Quant à la lettre de recadrage, l’employeur se fonde sur le fait que la remise maximum pour 2020 a été fixée à 18% selon mise à jour du 16 janvier 2020. Or, Monsieur [Y] [K] justifie que le taux de la remise maximale pour le second semestre 2019 avait été fixé à 20% et que M. [H], alors directeur, avait validé la vente avec une remise de 19%.
Il est vrai que le constructeur a adressé à l’employeur une circulaire le 16 janvier 2020, soit 5 jours avant la régularisation du bon de commande, pour fixer à 18% le taux de remise maximum pour 2020 mais rien ne permet de mettre en doute les déclarations de Monsieur [Y] [K] disant n’avoir pas eu connaissance de cette circulaire qui ne lui était pas adressée.
Par ailleurs, la lettre de recadrage fait mention d’autres irrégularités (tenant au kilométrage indiqué, l’absence de mention du prix catalogue, l’absence de paraphe, l’absence de signature de la compagne de Monsieur [Y] [K], la non-validation du bon de commande par le directeur) mais ces griefs n’apparaissent pas établis.

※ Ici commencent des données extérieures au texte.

theorem mainTheorem5:
  fixes I :: "((qhv, qha) qpath \<Rightarrow> 'k::field) set" and n i k' :: nat
  assumes "n \<ge> 1" and "i \<ge> 1" and "i + k' \<le> n"
    and "admissible (QH n) I"
    and "minimal_relation (QH n) I (X i) (X (i + k' + 1))
           (\<lambda>p. if p = a_path i k' \<or> p = A_path i k' then 1 else 0)"
  shows "foldr (\<lambda>j acc. hclass (QH n) I (X 1, alpha j) \<otimes>\<^bsub>pi1 (QH n) I (X 1)\<^esub> acc)
           [i..<i + k' + 1] \<one>\<^bsub>pi1 (QH n) I (X 1)\<^esub>
         = \<one>\<^bsub>pi1 (QH n) I (X 1)\<^esub>"
proof -
  have IC: "I \<subseteq> pa_carrier (QH n)"
    using assms(4) by (simp add: admissible_def pa_ideal_def)
  have X1: "X 1 \<in> verts (QH n)"
    using assms(1) by (simp add: X_in_verts_QH)
  have product: "foldr (\<lambda>j acc. hclass (QH n) I (X 1, alpha j) \<otimes>\<^bsub>pi1 (QH n) I (X 1)\<^esub> acc)
           [i..<i + k' + 1] \<one>\<^bsub>pi1 (QH n) I (X 1)\<^esub>
         = hclass (QH n) I (X 1, concat (map alpha [i..<i + k' + 1]))"
    using pi1_foldr_hclass[OF quiver_wf_QH IC X1, of "map alpha [i..<i + k' + 1]"]
      is_walk_alpha assms(1-3) by (simp add: foldr_map comp_def)
  have relation: "htpy (QH n) I (X i, map Fw (snd (A_path i k'))) (X i, map Fw (snd (a_path i k')))"
    using htpy.rel[OF assms(5), of "A_path i k'" "a_path i k'"] by (simp add: A_path_def a_path_def)
  note telescoped = htpy_alpha_product[OF IC assms(2,3)]
  have "wend (QH n) (X 1) (m0 i) = X i"
    using is_walk_m0[of i n] assms(2,3) by simp
  with relation htpy_walks[OF quiver_wf_QH IC telescoped]
  have "htpy (QH n) I (X 1, m0 i @ map Fw (snd (A_path i k')) @ walk_inv (map Fw (snd (a_path i k')))
          @ walk_inv (m0 i)) (X 1, [])"
    using htpy_conjugate_trivial[OF quiver_wf_QH IC] by blast
  with telescoped have "htpy (QH n) I (X 1, concat (map alpha [i..<i + k' + 1])) (X 1, [])"
    by (rule htpy.trans)
  then show ?thesis
    using product hclass_eq by (simp add: pi1_def)
qed

end
(* For all basis elements $u,v$ of $H$ (hence, by linearity, for all $u,v\in H$), $$Z(u)\,Z(v)=Z(u*v).$$
   Context: $\mathbb P$ denotes the positive and $\mathbb N$ the nonnegative integers. Let $X=\{x_i:i\in\mathbb P\}$ be commuting indeterminates. GSym. $\mathrm{GSym}\subseteq\mathbb Q[[X]]$ is the $\mathbb Q$-span of the series $\widehat M_{\binom{\gamma}{\mu}}=\sum_{0<i_1<\cdots<i_m}i_1^{\mu_1}\cdots i_m^{\mu_m}x_{i_1}^{\gamma_1}\cdots x_{i_m}^{\gamma_m}$. Here $\gamma\in\mathbb N^m$ with $m=0$ or $\gamma_m>0$, and $\mu\in\mathbb N^m$. It is a subalgebra. The algebra $H$. $H$ is the quasi-shuffle algebra over $\mathbb Q$ with basis the matrices $\binom{\alpha}{\beta}=\binom{\alpha_1,\dots,\alpha_k}{\beta_1,\dots,\beta_k}$ with $\alpha\in\mathbb N^k$, $\beta\in\mathbb P^k$, $k\ge0$. Write $a_i$ for the $i$-th column. The product is determined by: the empty matrix $\emptyset$ is the unit, and $$a*b=(a_1,(a_2,\dots,a_m)*b)+(b_1,a*(b_2,\dots,b_n))+(a_1+b_1,(a_2,\dots,a_m)*(b_2,\dots,b_n)),$$ where columns are added componentwise and $(c,\sum\lambda_uu)=\sum\lambda_u(c,u)$. Regularization. $\phi\binom{\alpha}{\beta}\in\mathrm{GSym}[t][z^{-1},z]]$ is obtained from $$\sum_{0<i_1<\cdots<i_k}x_{i_1}^{\alpha_1}\cdots x_{i_k}^{\alpha_k}e^{(i_1+t)\beta_1z}\cdots e^{(i_k+t)\beta_kz}$$ as follows. For $t\ge0$ and $\mathrm{Re}(z)<0$, the coefficient of each $X$-monomial converges absolutely. It is expanded as a Laurent series in $z$ with coefficients in $\mathbb Q[t]$, and powers of $z$ and $t$ are collected. The resulting map $\phi:H\to\mathrm{GSym}[t][z^{-1},z]]$ is an algebra homomorphism. Renormalization. Let $P$ be the projection onto the polar part, $P(\sum_{n\ge m}a_nz^n)=\sum_{n<0}a_nz^n$. Set $\phi_-(\emptyset)=\phi_+(\emptyset)=1$. For $k\ge1$ define recursively $$\phi_-\tbinom{\alpha}{\beta}=-P\Big(\phi\tbinom{\alpha}{\beta}+\sum_{i=1}^{k-1}\phi\tbinom{\alpha_1,\dots,\alpha_i}{\beta_1,\dots,\beta_i}\phi_-\tbinom{\alpha_{i+1},\dots,\alpha_k}{\beta_{i+1},\dots,\beta_k}\Big),$$ $$\phi_+\tbinom{\alpha}{\beta}=(\mathrm{id}-P)\Big(\phi\tbinom{\alpha}{\beta}+\sum_{i=1}^{k-1}\phi\tbinom{\alpha_1,\dots,\alpha_i}{\beta_1,\dots,\beta_i}\phi_-\tbinom{\alpha_{i+1},\dots,\alpha_k}{\beta_{i+1},\dots,\beta_k}\Big).$$ These values lie in $\mathrm{GSym}[t][[z]]$. The directional quasisymmetric function is $Z\binom{\alpha}{\beta}:=\phi_+\binom{\alpha}{\beta}\big|_{z=0}\in\mathrm{GSym}[t]$. $Z$ is extended linearly to $H$. *)

theory Defs
  imports "HOL-Complex_Analysis.Complex_Analysis" "HOL-Library.Poly_Mapping"
    "HOL-Computational_Algebra.Polynomial"
begin
(* Let $a,b,c,d\in\mathbb{Q}$ satisfy $a^4+b^4+c^4+d^4=(a+b+c+d)^4$, with at least three of $a,b,c,d$ non-zero. Put $F=a^2+ab+b^2$, $G=c^2+cd+d^2$ and $H=(a+b)^2+(a+b)(c+d)+(c+d)^2$, and let $t=\frac{H+F}{G}$ (which also equals $\frac{G}{H-F}=\frac{c^2+cd+d^2}{(a+c+d)(b+c+d)}$). Then $t>0$.
   Context: A solution $(a,b,c,d)$ of $a^4+b^4+c^4+d^4=(a+b+c+d)^4$ is called non-trivial if at least three of $a,b,c,d$ are non-zero. For such a solution $G\neq 0$ and $H-F\neq 0$, and the identity $X^4+Y^4+(X+Y)^4=2(X^2+XY+Y^2)^2$ gives $F^2+G^2=H^2$, so that $(H+F)/G=G/(H-F)$. *)

theory Defs
  imports Complex_Main
begin

end

theory Submission
  imports Defs
begin

text \<open>The binary form x^2 + xy + y^2 is positive definite, since
  4(x^2 + xy + y^2) = (2x + y)^2 + 3y^2. Hence F and G are positive, because at least
  one of a, b and one of c, d is non-zero, while H is non-negative; so (H + F)/G > 0.\<close>

lemma four_times_quadratic_form_eq:
  fixes x y :: "'a::comm_ring_1"
  shows "4 * (x^2 + x*y + y^2) = (2*x + y)^2 + 3 * y^2"
  by (simp add: power2_eq_square algebra_simps)

lemma quadratic_form_pos:
  fixes x y :: "'a::linordered_idom"
  assumes "x \<noteq> 0 \<or> y \<noteq> 0"
  shows "0 < x^2 + x*y + y^2"
proof -
  have "0 < (2*x + y)^2 + 3 * y^2"
  proof (cases "y = 0")
    case True
    with assms show ?thesis by simp
  next
    case False
    then show ?thesis by (simp add: add_nonneg_pos)
  qed
  then have "0 < 4 * (x^2 + x*y + y^2)"
    by (simp only: four_times_quadratic_form_eq)
  then show ?thesis
    by (simp add: zero_less_mult_iff)
qed

lemma quadratic_form_nonneg:
  fixes x y :: "'a::linordered_idom"
  shows "0 \<le> x^2 + x*y + y^2"
  using quadratic_form_pos[of x y] by (cases "x = 0 \<and> y = 0") auto

theorem mainTheorem1:
  fixes a b c d :: rat
  assumes eq: "a^4 + b^4 + c^4 + d^4 = (a + b + c + d)^4"
    and nontriv: "length (filter (\<lambda>x. x \<noteq> 0) [a, b, c, d]) \<ge> 3"
  shows "let F = a^2 + a*b + b^2;
             G = c^2 + c*d + d^2;
             H = (a+b)^2 + (a+b)*(c+d) + (c+d)^2
         in (H + F) / G > 0"
proof -
  have "a \<noteq> 0 \<or> b \<noteq> 0" and "c \<noteq> 0 \<or> d \<noteq> 0"
    using nontriv by (auto split: if_splits)
  then have "0 < a^2 + a*b + b^2" and "0 < c^2 + c*d + d^2"
    by (simp_all add: quadratic_form_pos)
  moreover have "0 \<le> (a+b)^2 + (a+b)*(c+d) + (c+d)^2"
    by (rule quadratic_form_nonneg)
  ultimately show ?thesis
    by (simp add: Let_def)
qed

end
lemma halve_even_filling:
  assumes "lip_chain U" "chain_boundary U = (\<lambda>x. 2 * T x)"
  shows "\<exists>A. lip_chain A \<and> chain_boundary A = T \<and> 2 * chain_mass A \<le> chain_mass U"
proof -
  define V where "V = unit_chain U"
  have unit: "\<forall>v\<in>set V. fst v = 1 \<or> fst v = -1"
    unfolding V_def by (intro ballI unit_chain_coeff)
  have "chain_boundary V = (\<lambda>x. 2 * T x)"
    using assms(2) by (simp add: V_def chain_boundary_unit_chain)
  then obtain S where len: "length S = length V"
    and A: "chain_boundary (chain_part S V) = T" and B: "chain_boundary (chain_part (map Not S) V) = T"
    using unit_chain_split_even_boundary[OF unit] by auto
  have lip: "lip_chain (chain_part S' V)" for S'
    using lip_chain_unit_chain[OF assms(1)] by (simp add: V_def lip_chain_chain_part)
  have "chain_mass V = chain_mass (chain_part S V) + chain_mass (chain_part (map Not S) V)"
    unfolding chain_mass_def by (rule sum_list_chain_parts[OF len])
  then have mass: "chain_mass U = chain_mass (chain_part S V) + chain_mass (chain_part (map Not S) V)"
    by (simp add: V_def chain_mass_unit_chain)
  show ?thesis
  proof (cases "chain_mass (chain_part S V) \<le> chain_mass (chain_part (map Not S) V)")
    case True
    then show ?thesis
      using lip A mass by (intro exI[of _ "chain_part S V"]) simp
  next
    case False
    then show ?thesis
      using lip B mass by (intro exI[of _ "chain_part (map Not S) V"]) simp
  qed
qed

lemma FV_double_ge:
  assumes "\<exists>U. lip_chain U \<and> chain_boundary U = T"
  shows "2 * FV T \<le> FV (\<lambda>x. 2 * T x)"
proof (rule FV_greatest)
  from assms obtain U where "lip_chain U" "chain_boundary U = T"
    by blast
  then show "\<exists>U. lip_chain U \<and> chain_boundary U = (\<lambda>x. 2 * T x)"
    by (intro exI[of _ "chain_scale 2 U"]) (simp add: chain_boundary_scale)
next
  fix U assume "lip_chain U" "chain_boundary U = (\<lambda>x. 2 * T x)"
  then obtain A where "lip_chain A" "chain_boundary A = T" "2 * chain_mass A \<le> chain_mass U"
    using halve_even_filling by blast
  then show "2 * FV T \<le> chain_mass U"
    using FV_le_chain_mass[of A T] by linarith
qed

theorem proposition4p1:
  fixes T :: "real ^ 'n \<Rightarrow> int"
  assumes "zero_chain T"
    and "\<exists>U. lip_chain U \<and> chain_boundary U = T"
  shows "FV T = FV (\<lambda>x. 2 * T x) / 2"
  using FV_scale_le[OF assms(2), of 2] FV_double_ge[OF assms(2)] by simp

end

Le bon de commande versé aux débats est signé, en qualité d’acquéreurs, non seulement par Monsieur [Y] [K] mais aussi par sa compagne. En outre, il résulte de l’attestation de l’ancien directeur, M. [H], que celui-ci a validé la vente. Dès lors, il n’est aucunement démontré qu’une quelconque irrégularité pourrait être reprochée à Monsieur [Y] [K].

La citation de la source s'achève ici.